=== What the exercise asks ===
Nothing outside the range is wanted. Repeat exactly the lines below from the one with "(\<forall>y \<in> lp_space" through the one with "T \<longleftrightarrow> (\<exists>x.".

Stored items
○ ○ ○ ○ ○
text \<open>x is s-hypercyclic for T_0,...,T_{N-1} on \<ell>^p: the closure of
  {(T_1^n x,...,T_N^n x) : n \<in> \<nat>} in the direct sum contains the diagonal.\<close>
definition s_hypercyclic_vector :: "real \<Rightarrow> nat \<Rightarrow> (nat \<Rightarrow> (nat \<Rightarrow> 'a::real_normed_vector) \<Rightarrow> (nat \<Rightarrow> 'a))
    \<Rightarrow> (nat \<Rightarrow> 'a) \<Rightarrow> bool" where
  "s_hypercyclic_vector p N T x \<longleftrightarrow> x \<in> lp_space p \<and>
     (\<forall>y \<in> lp_space p. \<forall>e > 0. \<exists>n\<ge>1. \<forall>i<N. lp_norm p ((T i ^^ n) x - y) < e)"

definition s_hypercyclic :: "real \<Rightarrow> nat \<Rightarrow> (nat \<Rightarrow> (nat \<Rightarrow> 'a::real_normed_vector) \<Rightarrow> (nat \<Rightarrow> 'a)) \<Rightarrow> bool" where
  "s_hypercyclic p N T \<longleftrightarrow> (\<exists>x. s_hypercyclic_vector p N T x)"

definition densely_s_hypercyclic :: "real \<Rightarrow> nat \<Rightarrow> (nat \<Rightarrow> (nat \<Rightarrow> 'a::real_normed_vector) \<Rightarrow> (nat \<Rightarrow> 'a)) \<Rightarrow> bool" where
  "densely_s_hypercyclic p N T \<longleftrightarrow>
     (\<forall>z \<in> lp_space p. \<forall>e > 0. \<exists>x. s_hypercyclic_vector p N T x \<and> lp_norm p (x - z) < e)"

end

theory Submission
  imports Defs
begin

text \<open>A pseudo-shift reads (T u)(m) off the coordinate f(m) > m, so T_i^n u does not
  depend on the first n coordinates of u. Hence changing an s-hypercyclic vector x in
  finitely many coordinates yields again an s-hypercyclic vector, provided x approximates
  every target along arbitrarily late iterates. The latter holds for any s-hypercyclic
  vector: bumping the target in a far-out coordinate excludes any finitely many early
  iterates. Since such finite modifications of x are dense in \<ell>^p, density follows.\<close>

lemma lp_space_diff:
  fixes u v :: "nat \<Rightarrow> 'a::real_normed_vector"
  assumes p: "p > 0" and u: "u \<in> lp_space p" and v: "v \<in> lp_space p"
  shows "u - v \<in> lp_space p"
proof -
  have su: "summable (\<lambda>m. norm (u m) powr p)" and sv: "summable (\<lambda>m. norm (v m) powr p)"
    using u v by (auto simp: lp_space_def)
  have bound: "norm (u m - v m) powr p \<le> 2 powr p * (norm (u m) powr p + norm (v m) powr p)" for m
  proof -
    have "norm (u m - v m) \<le> 2 * max (norm (u m)) (norm (v m))"
      using norm_triangle_ineq4[of "u m" "v m"] by linarith
    then have "norm (u m - v m) powr p \<le> (2 * max (norm (u m)) (norm (v m))) powr p"
      using p by (intro powr_mono2) auto
    also have "\<dots> = 2 powr p * max (norm (u m)) (norm (v m)) powr p"
      by (simp add: powr_mult)
    also have "\<dots> \<le> 2 powr p * (norm (u m) powr p + norm (v m) powr p)"
      by (intro mult_left_mono) (auto simp: max_def)
    finally show ?thesis .
  qed
  have "summable (\<lambda>m. norm (u m - v m) powr p)"
    by (rule summable_comparison_test[OF _ summable_mult[OF summable_add[OF su sv]]])
       (use bound in auto)
  then show ?thesis using u v by (simp add: lp_space_def)
qed
lemma clopen_sign_near:
  fixes f :: "'a::t2_space \<Rightarrow>\<^sub>C real"
  assumes cpt: "compact (UNIV :: 'a set)" and fin: "finite {x :: 'a. x islimpt UNIV}"
    and f: "norm f \<le> 1" and a: "\<not> a islimpt UNIV" and \<epsilon>: "\<epsilon> = 1 \<or> \<epsilon> = -1" and "0 < \<delta>"
  obtains C where "open C" "closed C" "apply_bcontfun (clopen_sign C) a = \<epsilon>"
    "dist f (clopen_sign C) \<le> max (1 + \<delta>) \<bar>apply_bcontfun f a - \<epsilon>\<bar>"
proof -
  have fb: "\<bar>apply_bcontfun f x\<bar> \<le> 1" for x
    using abs_apply_le_norm_bcontfun[of f x] f by linarith
  obtain C where C: "open C" "closed C"
      "{x. \<delta> \<le> apply_bcontfun f x} \<subseteq> C" "C \<inter> {x. apply_bcontfun f x \<le> - \<delta>} = {}"
  proof (rule clopen_separation[OF cpt fin])
    show "closed {x. \<delta> \<le> apply_bcontfun f x}" "closed {x. apply_bcontfun f x \<le> - \<delta>}"
      by (intro closed_Collect_le continuous_intros; simp)+
    show "{x. \<delta> \<le> apply_bcontfun f x} \<inter> {x. apply_bcontfun f x \<le> - \<delta>} = {}"
      using \<open>0 < \<delta>\<close> by auto
  qed
  define C' where "C' = (if \<epsilon> = 1 then C \<union> {a} else C - {a})"
  have "open {a}" using a by (simp add: islimpt_UNIV_iff)
  then have "open (C \<union> {a})" "closed (C \<union> {a})" "open (C - {a})" "closed (C - {a})"
    using C(1,2) by (intro open_Un closed_Un open_Diff closed_Diff; simp)+
  then have C': "open C'" "closed C'" unfolding C'_def by simp_all
  note sign_C' = clopen_sign_apply[OF C']
  have at_a: "apply_bcontfun (clopen_sign C') a = \<epsilon>"
    using \<epsilon> unfolding sign_C' by (auto simp: C'_def)
  show thesis
  proof (rule that[OF C' at_a])
    show "dist f (clopen_sign C') \<le> max (1 + \<delta>) \<bar>apply_bcontfun f a - \<epsilon>\<bar>"
    proof (rule dist_bcontfun_le)
      fix x
      show "\<bar>apply_bcontfun f x - apply_bcontfun (clopen_sign C') x\<bar> \<le> max (1 + \<delta>) \<bar>apply_bcontfun f a - \<epsilon>\<bar>"
      proof (cases "x = a")
        case False
        then have "x \<in> C' \<longleftrightarrow> x \<in> C" unfolding C'_def by auto
        moreover have "x \<in> C \<Longrightarrow> - \<delta> < apply_bcontfun f x" using C(4) by force
        moreover have "x \<notin> C \<Longrightarrow> apply_bcontfun f x < \<delta>" using C(3) by force
        ultimately show ?thesis
          using fb[of x] unfolding sign_C' by (cases "x \<in> C") (simp_all add: abs_le_iff)
      qed (simp add: at_a)
    qed
  qed
qed

section \<open>Non-expansive bijections of the unit ball\<close>

locale nonexpansive_ball_bijection =
  fixes F :: "('a::t2_space \<Rightarrow>\<^sub>C real) \<Rightarrow> ('a \<Rightarrow>\<^sub>C real)"
  assumes compact_UNIV: "compact (UNIV :: 'a set)"
    and finite_limpts: "finite {x :: 'a. x islimpt UNIV}"
    and bij: "bij_betw F {f. norm f \<le> 1} {f. norm f \<le> 1}"
    and nonexpansive: "\<And>f g. norm f \<le> 1 \<Longrightarrow> norm g \<le> 1 \<Longrightarrow> dist (F f) (F g) \<le> dist f g"
begin

definition Finv :: "('a \<Rightarrow>\<^sub>C real) \<Rightarrow> ('a \<Rightarrow>\<^sub>C real)" where
  "Finv = inv_into {f. norm f \<le> 1} F"

lemma F_eqD: "norm f \<le> 1 \<Longrightarrow> norm g \<le> 1 \<Longrightarrow> F f = F g \<Longrightarrow> f = g"
  using bij by (auto simp: bij_betw_def inj_on_def)

lemma norm_Finv_le: "norm g \<le> 1 \<Longrightarrow> norm (Finv g) \<le> 1"
  using bij_betwE[OF bij_betw_inv_into[OF bij]] unfolding Finv_def by auto

lemma F_Finv: "norm g \<le> 1 \<Longrightarrow> F (Finv g) = g"
  using bij_betw_inv_into_right[OF bij] unfolding Finv_def by auto

lemma abs_diff_F_apply_le:
  "norm f \<le> 1 \<Longrightarrow> norm g \<le> 1 \<Longrightarrow> \<bar>apply_bcontfun (F f) s - apply_bcontfun (F g) s\<bar> \<le> dist f g"
  using abs_diff_apply_le_dist_bcontfun[of "F f" s "F g"] nonexpansive[of f g] by linarith

text \<open>Otherwise the point of norm one opposite to \<open>F 0\<close> would be at distance
  \<open>1 + norm (F 0)\<close> from \<open>F 0\<close>, yet it has a preimage in the unit ball.\<close>

lemma F_zero: "F 0 = 0"
proof (rule ccontr)
  assume "F 0 \<noteq> 0"
  then have n: "0 < norm (F 0)" by simp
  define y where "y = (- 1 / norm (F 0)) *\<^sub>R F 0"
  have "norm y = 1" unfolding y_def using n by simp
  define c where "c = 1 / norm (F 0) + 1"
  have "0 < c" unfolding c_def using n by (intro add_pos_pos) simp_all
  have "y - F 0 = (- c) *\<^sub>R F 0" unfolding y_def c_def by (simp add: algebra_simps)
  then have "dist y (F 0) = c * norm (F 0)" using \<open>0 < c\<close> by (simp add: dist_norm)
  also have "\<dots> = 1 + norm (F 0)" using n by (simp add: c_def field_simps)
  finally have "dist y (F 0) = 1 + norm (F 0)" .
  moreover have "dist y (F 0) \<le> 1"
    using nonexpansive[OF norm_Finv_le, of y 0] F_Finv[of y] \<open>norm y = 1\<close> norm_Finv_le[of y] by simp
  ultimately show False using n by simp
qed

lemma continuous_on_F_ray:
  fixes a :: 'a
  assumes "\<not> a islimpt UNIV"
  shows "continuous_on {-1..1} (\<lambda>t. F (t *\<^sub>R spike a))"
proof (rule lipschitz_on_continuous_on[of 1], rule lipschitz_onI)
  fix s t :: real assume "s \<in> {-1..1}" "t \<in> {-1..1}"
  then have "dist (F (s *\<^sub>R spike a)) (F (t *\<^sub>R spike a)) \<le> dist (s *\<^sub>R spike a) (t *\<^sub>R spike a)"
    by (intro nonexpansive) (auto simp: norm_spike[OF assms])
  also have "\<dots> = dist s t"
    using norm_scaled_spike[OF assms, of "s - t"] by (simp add: dist_norm scaleR_diff_left dist_real_def)
  finally show "dist (F (s *\<^sub>R spike a)) (F (t *\<^sub>R spike a)) \<le> 1 * dist s t" by simp
qed simp

lemma F_scaled_spike_nonzero:
  assumes "\<not> a islimpt UNIV" "t \<noteq> 0" "\<bar>t\<bar> \<le> 1"
  shows "F (t *\<^sub>R spike a) \<noteq> 0"
  using F_eqD[of "t *\<^sub>R spike a" 0] F_zero norm_scaled_spike[OF assms(1), of t] assms(2,3) by auto

lemma F_opposite_rays_opposite_spikes:
  assumes a: "\<not> a islimpt UNIV" and t: "0 < t" "t \<le> 1"
  obtains b where "\<not> b islimpt UNIV"
    "F (t *\<^sub>R spike a) = apply_bcontfun (F (t *\<^sub>R spike a)) b *\<^sub>R spike b"
    "F ((- t) *\<^sub>R spike a) = apply_bcontfun (F ((- t) *\<^sub>R spike a)) b *\<^sub>R spike b"
    "apply_bcontfun (F (t *\<^sub>R spike a)) b * apply_bcontfun (F ((- t) *\<^sub>R spike a)) b < 0"
proof (rule two_ball_cover_imp_opposite_spikes[OF finite_limpts])
  show "F (t *\<^sub>R spike a) \<noteq> 0" "F ((- t) *\<^sub>R spike a) \<noteq> 0"
    using F_scaled_spike_nonzero[OF a, of t] F_scaled_spike_nonzero[OF a, of "- t"] t by simp_all
  fix w :: "'a \<Rightarrow>\<^sub>C real" assume w: "norm w \<le> 1"
  define z where "z = Finv w"
  have z: "norm z \<le> 1" "F z = w" unfolding z_def using w by (simp_all add: norm_Finv_le F_Finv)
  define u where "u = (if 0 \<le> apply_bcontfun z a then t else - t)"
  have "dist z (u *\<^sub>R spike a) \<le> 1"
  proof (rule dist_bcontfun_le)
    fix x
    have "\<bar>apply_bcontfun z x\<bar> \<le> 1" using abs_apply_le_norm_bcontfun[of z x] z(1) by linarith
    then show "\<bar>apply_bcontfun z x - apply_bcontfun (u *\<^sub>R spike a) x\<bar> \<le> 1"
      using t a unfolding u_def by (auto simp: abs_le_iff)
  qed
  moreover have "norm (u *\<^sub>R spike a) \<le> 1" using t by (simp add: u_def norm_spike[OF a])
  ultimately have "dist w (F (u *\<^sub>R spike a)) \<le> 1"
    using nonexpansive[OF z(1)] z(2) by (metis order.trans)
  then show "dist w (F (t *\<^sub>R spike a)) \<le> 1 \<or> dist w (F ((- t) *\<^sub>R spike a)) \<le> 1"
    unfolding u_def by (auto split: if_splits)
qed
○ ○ ○ ○ ○
=== Answer section ===
     (\<forall>y \<in> lp_space p. \<forall>e > 0. \<exists>n\<ge>1. \<forall>i<N. lp_norm p ((T i ^^ n) x - y) < e)"

definition s_hypercyclic :: "real \<Rightarrow> nat \<Rightarrow> (nat \<Rightarrow> (nat \<Rightarrow> 'a::real_normed_vector) \<Rightarrow> (nat \<Rightarrow> 'a)) \<Rightarrow> bool" where
  "s_hypercyclic p N T \<longleftrightarrow> (\<exists>x. s_hypercyclic_vector p N T x)"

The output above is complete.